大きな特徴は新幹線にも搭載されている、「セミアクティブサスペンション」や「車体間タンパ」がある事。313系でもこの番台だけのもので、乗り心地が大幅に向上。
揺れを吸収するため、とにかく「揺れない」。高速走行域(100km/h以上)でも安定した走り心地と乗り心地が実現し、ライバルの名鉄にはない高レベルな車両である。
2006年に登場したグループは5000番台がY101~Y112編成である。
5300番台はZ1編成(増結用の2両)と5000番台のY113編成が2010年に登場したグループ。
Z2~Z5編成が2012年に登場したグループで、Z編成の位置づけは5000番台の「増結用」である。車両性能もこれに準じるが、車体間タンパは未登載だ。


↑Y117編成
2012年に登場したグループがY114~Y117編成で、5000番台では最も新しいグループ。基本的な仕様はY101~Y113編成とほぼ同じである。
5000番台は東海道線浜松~米原の新快速等の快速列車で運転する事がほとんどで、間合い運用で普通列車として運転する事もある。
ホームの長さの都合で武豊線には入線する事が出来ない。
クハ312形は、5000番台は単純にY101編成から順番通り(クハ312-5001~)振っている。
それに対して5300番台は”続番”で、Z1編成がクハ312-5318~となっている。
まとめ
最後に、タイトルの通り「似ているようで微妙に違う」のが313系。
番台区分だけでも細かく存在するが、”続番”が多いため数字が枯渇する事態にはなっていない。
車両の数の割には、まだまだ使える数字が多く、4000と6000~7000番は空いている。

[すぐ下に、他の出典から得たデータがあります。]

lemma refine_labelling_by_test:
  fixes L :: "'a \<Rightarrow> 'b list" and G :: "'b monoid"
  assumes "finite V" and "group G" and "finite (carrier G)"
    and L: "\<forall>a\<in>V. \<forall>b\<in>V. L a = L b \<longleftrightarrow> P a b"
    and key: "\<And>a b. a \<in> V \<Longrightarrow> b \<in> V \<Longrightarrow> P a b \<Longrightarrow> f a b \<in> carrier G \<and> (Q a b \<longleftrightarrow> f a b = \<one>\<^bsub>G\<^esub>)"
    and cocycle: "\<And>a b c. a \<in> V \<Longrightarrow> b \<in> V \<Longrightarrow> c \<in> V \<Longrightarrow> P a b \<Longrightarrow> P b c \<Longrightarrow> P a c \<Longrightarrow>
                    f a b \<otimes>\<^bsub>G\<^esub> f b c = f a c"
  shows "\<exists>L' :: 'a \<Rightarrow> 'b list. (\<forall>a\<in>V. \<forall>b\<in>V. L' a = L' b \<longleftrightarrow> P a b \<and> Q a b)
           \<and> card (L' ` V) \<le> card (L ` V) * card (carrier G)"
proof -
  obtain L' :: "'a \<Rightarrow> 'b list" where
      L': "\<forall>a\<in>V. \<forall>b\<in>V. L' a = L' b \<longleftrightarrow> L a = L b \<and> f a b = \<one>\<^bsub>G\<^esub>"
      and card_L': "card (L' ` V) \<le> card (L ` V) * card (carrier G)"
  proof (rule refine_labelling_by_cocycle[OF assms(1-3), of L f, THEN exE])
    show "\<And>a b. a \<in> V \<Longrightarrow> b \<in> V \<Longrightarrow> L a = L b \<Longrightarrow> f a b \<in> carrier G"
      using L key by blast
    show "\<And>a b c. a \<in> V \<Longrightarrow> b \<in> V \<Longrightarrow> c \<in> V \<Longrightarrow> L a = L b \<Longrightarrow> L b = L c \<Longrightarrow>
            f a b \<otimes>\<^bsub>G\<^esub> f b c = f a c"
      using L cocycle by (metis (no_types, lifting))
  qed (use that in blast)
  moreover have "\<forall>a\<in>V. \<forall>b\<in>V. L' a = L' b \<longleftrightarrow> P a b \<and> Q a b"
    using L' L key by blast
  ultimately show ?thesis
    by blast
qed

definition rank_closed :: "'d set \<Rightarrow> ('d \<Rightarrow> nat) \<Rightarrow> 'd set \<Rightarrow> bool" where
  "rank_closed D rk E \<longleftrightarrow> (\<forall>x\<in>E. \<forall>y\<in>D. rk y < rk x \<longrightarrow> y \<in> E)"

lemma rank_closed_remove_max:
  assumes "finite E" and "E \<noteq> {}" and "rank_closed D rk E"
  obtains x where "x \<in> E" and "rank_closed D rk (E - {x})"
    and "\<And>y. y \<in> D \<Longrightarrow> rk y < rk x \<Longrightarrow> y \<in> E - {x}"
proof -
  obtain x where x: "x \<in> E" and x_max: "\<And>y. y \<in> E \<Longrightarrow> rk y \<le> rk x"
    using Max_in[of "rk ` E"] Max_ge[of "rk ` E"] assms(1,2) by fastforce
  have lower: "y \<in> E - {x}" if "y \<in> D" "rk y < rk x" for y
    using assms(3) x that unfolding rank_closed_def by blast
  have "rank_closed D rk (E - {x})"
    unfolding rank_closed_def
  proof (intro ballI impI)
    fix z y assume "z \<in> E - {x}" "y \<in> D" "rk y < rk z"
    then have "rk y < rk x"
      using x_max by (meson DiffD1 order_less_le_trans)
    then show "y \<in> E - {x}"
      using lower \<open>y \<in> D\<close> by blast
  qed
  then show ?thesis
    using that x lower by blast
qed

バラエティーの豊かさでは、中央西線のB編成や東海道線のJ編成が該当し、編成番号が1つ違うだけで製造年や仕様等が異なる。これはかなりの”差”である。
公表はされていないが、あと数年(2021年頃から?)すれば今度は211系の置き換えになるだろう。その際には新たな313系がさらに増える見込みと私は予想しており、新形式が登場するとは思っていない。
なぜならば、313系は完成度や相当高い車両で、新形式(新型)にする必要がないからだ。
私鉄で言うならば、京急1000形シリーズと共通する所がある。
313系の「微妙な違い」を区別するためにも、みなさんにとってはこの記事を参考にされたい。